## Try it
Among the entries below, how many lines contain the string "conjI"? Only the number is wanted.

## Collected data

(* Let $\mathsf H$ be a Hilbert space. Every $2\times2$ submagic matrix with entries projections on $\mathsf H$ can be completed to a $4\times4$ magic matrix of projections on $\mathsf H$ (i.e. one whose upper-left $2\times2$ block is the given matrix). However, there exist $2\times2$ submagic matrices that cannot be completed to a $3\times3$ magic matrix.
   Context: A submagic matrix is a square matrix whose entries are orthogonal projections, pairwise orthogonal within each row and within each column; it is magic if in addition the entries of each row and each column sum to $1$. *)

theory Defs
  imports "HOL-Analysis.Analysis"
begin

text \<open>A complex Hilbert space is modelled as a real Hilbert space (type class
  real_inner + complete_space) equipped with an orthogonal complex structure J
  (multiplication by the imaginary unit). The complex inner product is recovered as
  inner x y + i * inner x (J y) (up to convention), and complex-linear maps are exactly
  the real-linear maps commuting with J.\<close>

definition complex_structure :: "('a::real_inner \<Rightarrow> 'a) \<Rightarrow> bool" where
  "complex_structure J \<longleftrightarrow> linear J \<and> (\<forall>x. J (J x) = - x) \<and>
     (\<forall>x y. inner (J x) (J y) = inner x y)"

definition is_proj :: "('a::real_inner \<Rightarrow> 'a) \<Rightarrow> ('a \<Rightarrow> 'a) \<Rightarrow> bool" where
  "is_proj J P \<longleftrightarrow> bounded_linear P \<and> (\<forall>x. P (J x) = J (P x)) \<and>
     (\<forall>x. P (P x) = P x) \<and> (\<forall>x y. inner (P x) y = inner x (P y))"

definition orth_op :: "('a::real_inner \<Rightarrow> 'a) \<Rightarrow> ('a \<Rightarrow> 'a) \<Rightarrow> bool" where
  "orth_op P Q \<longleftrightarrow> (\<forall>x. P (Q x) = 0)"

definition submagic :: "('a::real_inner \<Rightarrow> 'a) \<Rightarrow> nat \<Rightarrow> (nat \<Rightarrow> nat \<Rightarrow> 'a \<Rightarrow> 'a) \<Rightarrow> bool" where
  "submagic J n M \<longleftrightarrow>
     (\<forall>i<n. \<forall>j<n. is_proj J (M i j)) \<and>
     (\<forall>i<n. \<forall>j<n. \<forall>k<n. j \<noteq> k \<longrightarrow> orth_op (M i j) (M i k)) \<and>
     (\<forall>j<n. \<forall>i<n. \<forall>k<n. i \<noteq> k \<longrightarrow> orth_op (M i j) (M k j))"

definition magic :: "('a::real_inner \<Rightarrow> 'a) \<Rightarrow> nat \<Rightarrow> (nat \<Rightarrow> nat \<Rightarrow> 'a \<Rightarrow> 'a) \<Rightarrow> bool" where
  "magic J n M \<longleftrightarrow> submagic J n M \<and>
     (\<forall>i<n. \<forall>x. (\<Sum>j<n. M i j x) = x) \<and>
     (\<forall>j<n. \<forall>x. (\<Sum>i<n. M i j x) = x)"

definition J2 :: "complex ^ 2 \<Rightarrow> complex ^ 2" where
  "J2 x = (\<chi> i. \<i> * x $ i)"

end

theory Submission
  imports Defs
begin

text \<open>Given orthogonal projections a, b (first row) and c, d (second row), the matrix
  [[a, b, 1-a-b, 0], [c, d, 0, 1-c-d], [1-a-c, 0, a, c], [0, 1-b-d, b, d]]
  is magic: each of its rows and columns consists of a row or column of the given matrix,
  the projection onto the orthogonal complement of their ranges, and 0. For 3 x 3 there
  is no such room: if the given matrix is zero, the third entries of its two rows must
  both be the identity and yet be orthogonal, which forces the space to be trivial.\<close>

definition proj_complement :: "('a::real_inner \<Rightarrow> 'a) \<Rightarrow> ('a \<Rightarrow> 'a) \<Rightarrow> 'a \<Rightarrow> 'a" where
  "proj_complement P Q = (\<lambda>x. x - P x - Q x)"

lemma is_proj_zero: "linear J \<Longrightarrow> is_proj J (\<lambda>x. 0)"
  unfolding is_proj_def by (auto simp: linear_0)

lemma orth_op_zero_left: "orth_op (\<lambda>x. 0) P"
  by (simp add: orth_op_def)

lemma orth_op_zero_right: "is_proj J P \<Longrightarrow> orth_op P (\<lambda>x. 0)"
  unfolding orth_op_def is_proj_def by (auto simp: linear_simps)

lemma submagic_zero: "linear J \<Longrightarrow> submagic J n (\<lambda>i j x. 0)"
  unfolding submagic_def by (simp add: is_proj_zero orth_op_zero_left)

lemma is_proj_complement:
  assumes J: "linear J" and P: "is_proj J P" and Q: "is_proj J Q"
    and PQ: "orth_op P Q" and QP: "orth_op Q P"
  shows "is_proj J (proj_complement P Q)"
proof -
  interpret P: bounded_linear P using P by (simp add: is_proj_def)
  interpret Q: bounded_linear Q using Q by (simp add: is_proj_def)
  have idem: "\<And>x. P (P x) = P x" "\<And>x. Q (Q x) = Q x"
    and commute_J: "\<And>x. P (J x) = J (P x)" "\<And>x. Q (J x) = J (Q x)"
    and self_adjoint: "\<And>x y. inner (P x) y = inner x (P y)" "\<And>x y. inner (Q x) y = inner x (Q y)"
    using P Q by (auto simp: is_proj_def)
  have orth: "\<And>x. P (Q x) = 0" "\<And>x. Q (P x) = 0"
    using PQ QP by (auto simp: orth_op_def)
  show ?thesis
    unfolding is_proj_def proj_complement_def
  proof (intro conjI allI)
    show "bounded_linear (\<lambda>x. x - P x - Q x)"
      by (intro bounded_linear_sub bounded_linear_ident P.bounded_linear_axioms Q.bounded_linear_axioms)
    fix x
    show "J x - P (J x) - Q (J x) = J (x - P x - Q x)"
      using J by (simp add: commute_J linear_diff)
    show "x - P x - Q x - P (x - P x - Q x) - Q (x - P x - Q x) = x - P x - Q x"
      by (simp add: P.diff Q.diff idem orth)
  next
    fix x y
    show "inner (x - P x - Q x) y = inner x (y - P y - Q y)"
      by (simp add: inner_diff_left inner_diff_right self_adjoint)
  qed
qed

lemma orth_op_complement:
  assumes P: "is_proj J P" and Q: "is_proj J Q"
    and PQ: "orth_op P Q" and QP: "orth_op Q P"
  shows "orth_op P (proj_complement P Q)" "orth_op (proj_complement P Q) P"
    "orth_op Q (proj_complement P Q)" "orth_op (proj_complement P Q) Q"
proof -
  interpret P: bounded_linear P using P by (simp add: is_proj_def)
  interpret Q: bounded_linear Q using Q by (simp add: is_proj_def)
  have idem: "\<And>x. P (P x) = P x" "\<And>x. Q (Q x) = Q x"
    using P Q by (auto simp: is_proj_def)
  have orth: "\<And>x. P (Q x) = 0" "\<And>x. Q (P x) = 0"
    using PQ QP by (auto simp: orth_op_def)
  show "orth_op P (proj_complement P Q)" "orth_op (proj_complement P Q) P"
    "orth_op Q (proj_complement P Q)" "orth_op (proj_complement P Q) Q"
    unfolding orth_op_def proj_complement_def by (auto simp: P.diff Q.diff idem orth)
qed

definition magic_completion_4 ::
    "('a::real_inner \<Rightarrow> 'a) \<Rightarrow> ('a \<Rightarrow> 'a) \<Rightarrow> ('a \<Rightarrow> 'a) \<Rightarrow> ('a \<Rightarrow> 'a) \<Rightarrow> nat \<Rightarrow> nat \<Rightarrow> 'a \<Rightarrow> 'a"
  where "magic_completion_4 a b c d i j =
     [[a, b, proj_complement a b, \<lambda>x. 0],
      [c, d, \<lambda>x. 0, proj_complement c d],
      [proj_complement a c, \<lambda>x. 0, a, c],
      [\<lambda>x. 0, proj_complement b d, b, d]] ! i ! j"

abbreviation "magic_completion_4_of M \<equiv> magic_completion_4 (M 0 0) (M 0 1) (M 1 0) (M 1 1)"

lemma magic_completion_4_extends: "\<forall>i<2. \<forall>j<2. magic_completion_4_of M i j = M i j"
  by (auto simp: magic_completion_4_def less_2_cases_iff)

lemma magic_magic_completion_4:
  fixes J :: "'a::real_inner \<Rightarrow> 'a"
  assumes J: "linear J" and M: "submagic J 2 M"
  shows "magic J 4 (magic_completion_4_of M)"
proof -
  define a b c d where "a = M 0 0" and "b = M 0 1" and "c = M 1 0" and "d = M 1 1"
  have proj: "is_proj J a" "is_proj J b" "is_proj J c" "is_proj J d"
    using M unfolding submagic_def a_def b_def c_def d_def by auto
  have orth: "orth_op a b" "orth_op b a" "orth_op c d" "orth_op d c"
    "orth_op a c" "orth_op c a" "orth_op b d" "orth_op d b"
    using M unfolding submagic_def a_def b_def c_def d_def
    by (auto dest!: spec[where x=0] spec[where x=1])
  note complements =
    is_proj_complement[OF J proj(1,2) orth(1,2)] orth_op_complement[OF proj(1,2) orth(1,2)]
    is_proj_complement[OF J proj(3,4) orth(3,4)] orth_op_complement[OF proj(3,4) orth(3,4)]
    is_proj_complement[OF J proj(1,3) orth(5,6)] orth_op_complement[OF proj(1,3) orth(5,6)]
    is_proj_complement[OF J proj(2,4) orth(7,8)] orth_op_complement[OF proj(2,4) orth(7,8)]
  have four: "\<And>i::nat. i < 4 \<longleftrightarrow> i = 0 \<or> i = 1 \<or> i = 2 \<or> i = 3"
    by auto
  have sum_lessThan_4: "\<And>f :: nat \<Rightarrow> 'a. (\<Sum>i<4. f i) = f 0 + f 1 + f 2 + f 3"
    by (simp add: eval_nat_numeral)
  define z where "z = (\<lambda>x::'a. 0::'a)"
  have zero: "is_proj J z" "\<And>P. orth_op z P" "\<And>P. is_proj J P \<Longrightarrow> orth_op P z"
    unfolding z_def by (auto simp: is_proj_zero[OF J] orth_op_zero_left orth_op_zero_right)
  have N: "magic_completion_4_of M = (\<lambda>i j.
      [[a, b, proj_complement a b, z], [c, d, z, proj_complement c d],
       [proj_complement a c, z, a, c], [z, proj_complement b d, b, d]] ! i ! j)"
    by (simp add: fun_eq_iff magic_completion_4_def a_def b_def c_def d_def z_def)
  have "submagic J 4 (magic_completion_4_of M)"
    unfolding submagic_def four N
    by (auto simp: proj orth complements zero)
  moreover have "\<forall>i<4. \<forall>x. (\<Sum>j<4. magic_completion_4_of M i j x) = x"
    "\<forall>j<4. \<forall>x. (\<Sum>i<4. magic_completion_4_of M i j x) = x"
    unfolding four N sum_lessThan_4 by (auto simp: proj_complement_def z_def)
  ultimately show ?thesis
    unfolding magic_def by blast
qed

lemma magic_3_extending_zero_trivial:
  fixes N :: "nat \<Rightarrow> nat \<Rightarrow> 'a::real_inner \<Rightarrow> 'a" and x :: 'a
  assumes N: "magic J 3 N" and zero: "\<forall>i<2. \<forall>j<2. N i j = (\<lambda>x. 0)"
  shows "x = 0"
proof -
  have identity: "N i 2 x = x" if "i < 2" for i
  proof -
    have "N i 0 = (\<lambda>x. 0)" "N i 1 = (\<lambda>x. 0)"
      using zero that by simp_all
    moreover have "(\<Sum>j<3. N i j x) = x"
      using N that unfolding magic_def by simp
    ultimately show ?thesis
      by (simp add: eval_nat_numeral)
  qed
  have "orth_op (N 0 2) (N 1 2)"
    using N unfolding magic_def submagic_def by simp
  then have "N 0 2 (N 1 2 x) = 0"
    by (simp add: orth_op_def)
  then show "x = 0"
    using identity[of 0] identity[of 1] by simp
qed

lemma linear_J2: "linear J2"
  unfolding J2_def by (intro linearI) (auto simp: vec_eq_iff algebra_simps)

theorem proposition3p5:
  shows "(\<forall>(J :: 'a::{real_inner, complete_space} \<Rightarrow> 'a) M.
            complex_structure J \<and> submagic J 2 M \<longrightarrow>
            (\<exists>N. magic J 4 N \<and> (\<forall>i<2. \<forall>j<2. N i j = M i j)))
       \<and> (\<exists>M. submagic J2 2 M \<and>
            \<not> (\<exists>N. magic J2 3 N \<and> (\<forall>i<2. \<forall>j<2. N i j = M i j)))"
proof (intro conjI allI impI)
  fix J :: "'a \<Rightarrow> 'a" and M
  assume "complex_structure J \<and> submagic J 2 M"
  then have "linear J" "submagic J 2 M"
    by (simp_all add: complex_structure_def)
  then have "magic J 4 (magic_completion_4_of M)"
    by (rule magic_magic_completion_4)
  then show "\<exists>N. magic J 4 N \<and> (\<forall>i<2. \<forall>j<2. N i j = M i j)"
    using magic_completion_4_extends by blast
next
  have "(1 :: complex ^ 2) \<noteq> 0"
    by (simp add: vec_eq_iff)
  then have "\<not> (\<exists>N. magic J2 3 N \<and> (\<forall>i<2. \<forall>j<2. N i j = (\<lambda>x. 0)))"
    using magic_3_extending_zero_trivial by blast
  then show "\<exists>M. submagic J2 2 M \<and> \<not> (\<exists>N. magic J2 3 N \<and> (\<forall>i<2. \<forall>j<2. N i j = M i j))"
    using submagic_zero[OF linear_J2] by blast
qed

end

## The completed task
2